– Panie Grzesiu, ma pan gościa – zawołała recepcjonistka.
– Kto taki? – mężczyzna siedzący w fotelu nawet nie odwrócił głowy i nie odłożył czytanej książki.
– Jakaś starsza pani.
– Witaj, Grzegorzu – powiedziała.
– O, to ty jesteś tą starszą panią?
– A kogo się spodziewałeś?
– Nie wiem, ale kogoś prawdziwie starego. Ty jesteś ode mnie starsza zaledwie…

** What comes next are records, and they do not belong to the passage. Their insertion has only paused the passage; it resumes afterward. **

lemma D_subset_orth_plus: "D \<subseteq> orth_plus a b D"
proof
  fix v assume "v \<in> D"
  then obtain f1 fw1 fd1 e1 ed1 u1 u1' where v: "v = (f1, fw1, fd1, e1, Hs e1, ed1)"
    and f1: "L2 a b f1" and e1: "L2 a b e1" and rep1: "H1_rep a b e1 u1 u1'"
    and f1_eq: "aeq a b f1 (\<lambda>x. dt *\<^sub>R J u1 u1' x + H fw1 x)"
    and fd1: "fd1 = boundary_flow (u1 a) (u1 b)" and ed1: "ed1 = boundary_effort (u1 a) (u1 b)"
    by (cases v) (auto simp: mem_D_iff)
  have "plus_pairing a b v w = 0" if "w \<in> D" for w
  proof -
    from that obtain f2 fw2 e2 u2 u2' where w: "w = (f2, fw2, boundary_flow (u2 a) (u2 b), e2, Hs e2,
        boundary_effort (u2 a) (u2 b))"
      and e2: "L2 a b e2" and rep2: "H1_rep a b e2 u2 u2'"
      and f2_eq: "aeq a b f2 (\<lambda>x. dt *\<^sub>R J u2 u2' x + H fw2 x)"
      by (cases w) (auto simp: mem_D_iff)
    have u2': "L2 a b u2'" and u2: "primitive_on a b u2 u2'"
      using rep2 by (simp_all add: H1_rep_iff)
    show ?thesis
      unfolding v w plus_pairing_D_right[OF f1 e1 e2 rep2 f2_eq] pairing_with_D_Green[OF rep1 f1_eq u2' u2]
      using boundary_pairing_eq[where y = "u1 a" and y' = "u1 b" and x = "u2 a" and x' = "u2 b"]
      by (simp add: fd1 ed1)
  qed
  then show "v \<in> orth_plus a b D"
    using f1 e1 by (simp add: orth_plus_def bond_space_def v)
qed

lemma orth_plus_pairing_test:
  assumes v: "(f, fw, fd, e, ew, ed) \<in> orth_plus a b D"
    and u': "L2 a b u'" and u: "primitive_on a b u u'"
  shows "dt * L2_inner a b e (J u u') + L2_inner a b u (\<lambda>x. f x - H fw x)
    - ed \<bullet> boundary_flow (u a) (u b) - boundary_effort (u a) (u b) \<bullet> fd + (Hs e - ew) \<bullet> z = 0"
proof -
  have f: "L2 a b f" and e: "L2 a b e"
    using v by (simp_all add: orth_plus_def bond_space_def)
  have rep: "H1_rep a b u u u'"
    using u' u by (simp add: H1_rep_iff aeq_refl)
  have "plus_pairing a b (f, fw, fd, e, ew, ed) (\<lambda>x. dt *\<^sub>R J u u' x + H z x, z,
      boundary_flow (u a) (u b), u, Hs u, boundary_effort (u a) (u b)) = 0"
    using v test_element_in_D[OF u' u] by (simp add: orth_plus_def)
  then show ?thesis
    by (simp only: plus_pairing_D_right[OF f e primitive_on_L2[OF u' u] rep aeq_refl])
qed

lemma orth_plus_noise_effort:
  assumes "(f, fw, fd, e, ew, ed) \<in> orth_plus a b D"
  shows "ew = Hs e"
proof -
  have "L2 a b (\<lambda>x. 0::real^'n)" and "primitive_on a b (\<lambda>x. 0) (\<lambda>x. 0::real^'n)"
    by (simp_all add: continuous_on_imp_L2 primitive_on_def)
  from orth_plus_pairing_test[OF assms this, where z = "Hs e - ew"]
  have "(Hs e - ew) \<bullet> (Hs e - ew) = 0"
    by (simp add: L2_inner_def)
  then show ?thesis
    by simp
qed

lemma orth_plus_regular:
  assumes v: "(f, fw, fd, e, ew, ed) \<in> orth_plus a b D"
  obtains u u' where "H1_rep a b e u u'" and "aeq a b f (\<lambda>x. dt *\<^sub>R J u u' x + H fw x)"
proof -
  have f: "L2 a b f" and e: "L2 a b e"
    using v by (simp_all add: orth_plus_def bond_space_def)
  define g where "g = (\<lambda>x. (1 / dt) *\<^sub>R (f x - H fw x))"
  have g: "L2 a b g"
    unfolding g_def using L2_diff[OF f L2_H] by (rule L2_scaleR)
  have weak: "L2_inner a b e (J u u') + L2_inner a b u g = 0"
    if u': "L2 a b u'" and u: "primitive_on a b u u'" and "u a = 0" "u b = 0" for u u'
  proof -
    have "dt * L2_inner a b e (J u u') + L2_inner a b u (\<lambda>x. f x - H fw x) = 0"
      using orth_plus_pairing_test[OF v u' u, where z = 0] that by simp
    moreover have "dt * L2_inner a b u g = L2_inner a b u (\<lambda>x. f x - H fw x)"
      using dt_pos by (simp add: g_def L2_inner_scaleR_right)
    ultimately have "dt * (L2_inner a b e (J u u') + L2_inner a b u g) = 0"
      by (simp only: distrib_left)
    then show ?thesis
      using dt_pos by simp
  qed
  obtain u u' where rep: "H1_rep a b e u u'" and g_eq: "aeq a b g (J u u')"
    using weak_solution_imp_H1[OF a_less_b P1_invertible e g weak] by blast
  have "f x = dt *\<^sub>R J u u' x + H fw x" if "g x = J u u' x" for x
  proof -
    have "f x - H fw x = dt *\<^sub>R g x"
      using dt_pos by (simp add: g_def)
    then show ?thesis
      using that by (simp add: algebra_simps)
  qed
  then have "aeq a b f (\<lambda>x. dt *\<^sub>R J u u' x + H fw x)"
    using g_eq unfolding aeq_def by (auto elim!: negligible_subset)
  with rep show ?thesis
    by (rule that)
qed

lemma orth_plus_subset_D: "orth_plus a b D \<subseteq> D"
proof
  fix v assume v_orth: "v \<in> orth_plus a b D"
  obtain f fw fd e ew ed where v: "v = (f, fw, fd, e, ew, ed)"
    by (cases v)
  have f: "L2 a b f" and e: "L2 a b e"
    using v_orth by (simp_all add: v orth_plus_def bond_space_def)
  obtain u1 u1' where rep1: "H1_rep a b e u1 u1'"
    and f_eq: "aeq a b f (\<lambda>x. dt *\<^sub>R J u1 u1' x + H fw x)"
    using orth_plus_regular v_orth unfolding v by blast
  have "(boundary_effort (u1 a) (u1 b) - ed) \<bullet> boundary_flow x y
      + boundary_effort x y \<bullet> (boundary_flow (u1 a) (u1 b) - fd) = 0" for x y
  proof -
    obtain u u' where u': "L2 a b u'" and u: "primitive_on a b u u'" and ux: "u a = x" "u b = y"
      using primitive_on_with_boundary_values[OF a_less_b] .
    show ?thesis
      using orth_plus_pairing_test[OF v_orth[unfolded v] u' u, where z = 0]
        pairing_with_D_Green[OF rep1 f_eq u' u]
        boundary_pairing_eq[where y = "u1 a" and y' = "u1 b" and x = x and x' = y]
      unfolding ux by (simp only: inner_diff_left inner_diff_right inner_zero_right add_0_right)
  qed
  then have "boundary_effort (u1 a) (u1 b) - ed = 0" and "boundary_flow (u1 a) (u1 b) - fd = 0"
    by (rule boundary_pairing_nondegenerate)+
  then show "v \<in> D"
    using f e rep1 f_eq orth_plus_noise_effort[OF v_orth[unfolded v]]
    unfolding v mem_D_iff by auto
qed

end

theorem theorem2:
  fixes a b dt :: real
    and P1 P0 :: "real^'n^'n"
    and H :: "'z::{real_inner, complete_space} \<Rightarrow> real \<Rightarrow> real^'n"
    and Hs :: "(real \<Rightarrow> real^'n) \<Rightarrow> 'z"
  assumes ab: "a < b"
    and P1_sym: "transpose P1 = P1" and P1_inv: "invertible P1"
    and P0_skew: "transpose P0 = - P0"
    and H_range: "\<forall>z. L2 a b (H z)"
    and H_add: "\<forall>z1 z2. aeq a b (H (z1 + z2)) (\<lambda>x. H z1 x + H z2 x)"
    and H_scale: "\<forall>c z. aeq a b (H (c *\<^sub>R z)) (\<lambda>x. c *\<^sub>R H z x)"
    and H_bounded: "\<exists>K. \<forall>z. sqrt (L2_inner a b (H z) (H z)) \<le> K * norm z"
    and Hs_adj: "\<forall>e. L2 a b e \<longrightarrow> (\<forall>z. Hs e \<bullet> z = L2_inner a b e (H z))"
    and dt: "dt > 0"
  shows "orth_plus a b (sph_dirac a b P1 P0 H Hs dt) = sph_dirac a b P1 P0 H Hs dt"
proof -
  interpret port_Dirac_structure P1 P0 a b dt H Hs
    using ab P1_sym P1_inv P0_skew H_range Hs_adj dt by unfold_locales auto
  show ?thesis
    using orth_plus_subset_D D_subset_orth_plus by (rule equalityI)
qed

end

– Dwa lata. Pod tym względem nic się nie zmieniło.
– A pod jakim się zmieniło? – wstał, żeby się przywitać.
– Porozmawiamy tu, czy na spacerze?
– Tu, siadaj – wskazał fotel po drugiej stronie stołu. – Stale nie mogę się przyzwyczaić do starości, chociaż z drugiej strony wkurzają mnie te siksy zwracające się do mnie po imieniu.
– Tego nie zmienisz. Stare maniery trzeba odłożyć do lamusa. Ja też na początku zżymałam się, potem doszłam do wniosku, że to nawet praktyczne być z całym światem po imieniu.
– Nie ma zgody, jeśli stare maniery wyrzucimy, jak mówisz do lamusa, to zaczniemy „rozwijać się” w przeciwnym kierunku – ku barbarzyństwu. Zresztą już widać pierwsze znamiona.
– Trudno nie zauważyć – zgodziła się Klara.
– Masz jakąś ciekawą wiadomość?
– Przyniosłam zdjęcie, chociaż nie jestem pewna, czy o to ci chodziło – położyła na stole starą fotografię.
– Tak, o to.
– Znałeś go?
– Przelotnie. A z czym tak naprawdę przychodzisz?
– Mam dwie wiadomości…
– To zacznij od tej złej.
– Umorzono śledztwo.
– Tego się spodziewałem. A dobra?
– Udało mi się nawiązać kontakt z panią Reginą.
– Powiedziała coś istotnego w sprawie?
– Jeszcze nie, ale jesteśmy na dobrej drodze. Jest zainteresowana wydaniem pamiętnika.
– To dobrze, ale szkoda, że sprawę umorzono. Ten Rosenbaum powinien siedzieć w ciupie.
– Myślisz o Różańskim?
– Nawet nie zdołali skłonić go, żeby przyznał się do nazwiska rodowego.
– A co by to dało?
– Oj, ta twoja… nie wiem nawet, jak to nazwać – zniecierpliwił się Grzegorz.
– Jest jeszcze coś... – tym razem Klara zawahała się.
– No, mów!
– Jakiś miesiąc temu zaczepili mnie w parku dwaj nieznajomi dając do zrozumienia, że są zainteresowani sprawą morderstwa, w którą jest zaplątany Różański.
– Co im powiedziałaś?
– Nic.
– To dobrze.
– Dlaczego dobrze? Przecież nie dowiedziałam się nawet, czy są zainteresowani wyjaśnieniem, czy zatuszowaniem sprawy.
– Właśnie dlatego, i niech tak zostanie.
Klara milczała. Uznała, że lepiej nie dzielić się informacją, która Grzegorzowi nie przypadła by do gustu. Zgodziła się na współpracę z tymi ludźmi, tylko dla wygodnego pozoru.
Po wyjściu od Grzegorza rozejrzała się uważnie. Nie zauważyła niczego niepokojącego… Chociaż ten młody człowiek siedzący na ławce wydał się jej podejrzany.
Pewnie przesadzam – pocieszała się. Teraz wszyscy młodzi w kapturach i maskach wyglądają podobnie. Nawet płeć trudno rozróżnić.